In CALGB/SWOG 80405, we had 1137 patients. In the sidedness analysis of that there were 46 patients for whom we couldn’t determine the side of the primary. Now, how’d we determine this? Somebody had to go in and look in every medical record to figure out what the side of the primary was because we didn’t get the data in real time. And I believe it’s pretty reasonable. There was a reliable person who got all the data and figured out the sidedness, and that was me. So, at least there was not a research coordinator or somebody getting that data. Again, in our series, in 46 patients I couldn’t determine the sidedness, 66 had transverse colon primaries, 730-some had left-sided, and 200-some had right-sided. If we excluded the transverse colon patients, we had about 700 and 200 in the two different sides.

In terms of the patient characteristics, their diseases are really different. Even though the average age of our patients was only 58 years of age—a very young group for colon cancer—the patients with right-sided cancer were older than those with tumors on the left side. The patients with right-sided cancer were more likely to have peritoneal disease than the left side, where there are more liver metastases. The patients with a right-sided disease tended to present with synchronous disease; they were already stage 4. Not surprising, right? Clinically, we think they’re different. When you look at a big series, they did turn out to have different characteristics.

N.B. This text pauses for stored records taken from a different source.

lemma pmf_seq_pmf_ge:
  "length ys = length ps \<Longrightarrow> (\<Prod>i<length ps. pmf (ps!i) (ys!i)) \<le> pmf (seq_pmf ps) ys"
proof (induction ps arbitrary: ys)
  case Nil
  then show ?case by simp
next
  case (Cons p ps)
  then obtain y ys' where ys: "ys = y # ys'" "length ys' = length ps" by (cases ys) auto
  have "(\<Prod>i<Suc (length ps). pmf ((p#ps)!i) ((y#ys')!i)) = pmf p y * (\<Prod>i<length ps. pmf (ps!i) (ys'!i))"
    by (subst prod.lessThan_Suc_shift) simp
  hence "(\<Prod>i<length (p#ps). pmf ((p#ps)!i) (ys!i)) = pmf p y * (\<Prod>i<length ps. pmf (ps!i) (ys'!i))"
    using ys by simp
  also have "\<dots> \<le> pmf p y * pmf (seq_pmf ps) ys'"
    by (intro mult_left_mono Cons.IH ys(2)) simp
  also have "\<dots> = pmf p y * (pmf (seq_pmf ps) ys' * pmf (return_pmf (y # ys')) (y # ys'))" by simp
  also have "\<dots> \<le> pmf p y * pmf (bind_pmf (seq_pmf ps) (\<lambda>xs. return_pmf (y # xs))) (y # ys')"
    by (intro mult_left_mono pmf_bind_ge) simp
  also have "\<dots> \<le> pmf (seq_pmf (p # ps)) ys"
    unfolding ys seq_pmf.simps by (rule pmf_bind_ge[of p y "\<lambda>x. bind_pmf (seq_pmf ps) (\<lambda>xs. return_pmf (x # xs))"])
  finally show ?case .
qed

lemma prod_if_eq_single:
  assumes "k < n"
  shows "(\<Prod>i<n. if i = k then a else b) = a * b ^ (n - 1)"
proof -
  have "(\<Prod>i<n. if i = k then a else b) = (if k = k then a else b) * (\<Prod>i\<in>{..<n} - {k}. if i = k then a else b)"
    by (rule prod.remove) (use assms in auto)
  also have "(\<Prod>i\<in>{..<n} - {k}. if i = k then a else b) = (\<Prod>i\<in>{..<n} - {k}. b)"
    by (intro prod.cong) auto
  also have "\<dots> = b ^ (n - 1)" using assms by simp
  finally show ?thesis by simp
qed

lemma one_third_le_power_one_minus_inverse: "1 / 3 \<le> (1 - 1 / real n) ^ (n - 1)"
proof (cases "n \<le> 1")
  case True
  then show ?thesis by (cases n) auto
next
  case False
  define m where "m = n - 1"
  have m: "1 \<le> m" "n = m + 1" using False by (auto simp: m_def)
  have "(1 + 1 / real m) ^ m \<le> exp (1 / real m) ^ m"
    by (intro power_mono exp_ge_add_one_self) auto
  also have "\<dots> = exp 1" using m by (simp add: exp_of_nat_mult[symmetric])
  also have "\<dots> \<le> 3" using e_less_272 by simp
  finally have b: "(1 + 1 / real m) ^ m \<le> 3" .
  have pos: "0 < (1 + 1 / real m) ^ m" using m by (simp add: add_pos_nonneg)
  have "1 - 1 / real n = 1 / (1 + 1 / real m)" using m by (simp add: field_simps)
  hence "(1 - 1 / real n) ^ (n - 1) = 1 / (1 + 1 / real m) ^ m"
    unfolding m_def[symmetric] by (simp add: power_one_over)
  also have "\<dots> \<ge> 1 / 3" using b pos by (intro divide_left_mono) auto
  finally show ?thesis .
qed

And, in terms of the results, again, patients with tumors on the left side had a 33-month survival versus 19 months on the right side. With cetuximab, it was 36 months on the left and 16 months on the right in our study. These are really stunning numbers, right? We’re not used to seeing this, we’re used to seeing a 3- or 4-month difference. That’s a lot. And here you have a 20-month difference between treatments based on the side of the cancer. It was really a remarkable result, one that I actually wasn’t convinced was true. I thought maybe they’d screwed up the code, only to then get the FIRE-3 data which showed the same results we had.

Again, I think fundamentally really what it does is it directs us to understand the biology. Because I would emphasize that right and left side is not something magical, it’s the biology of the cancer. The bad genes, such as BRAF, those tumors tend to be on the right side; a confluence of events on one side or the other, and that’s what changes the outcomes. In the future, we’re actually talking of combining our data with FIRE-3 investigators to get power to really figure out if we can’t solve some of these questions.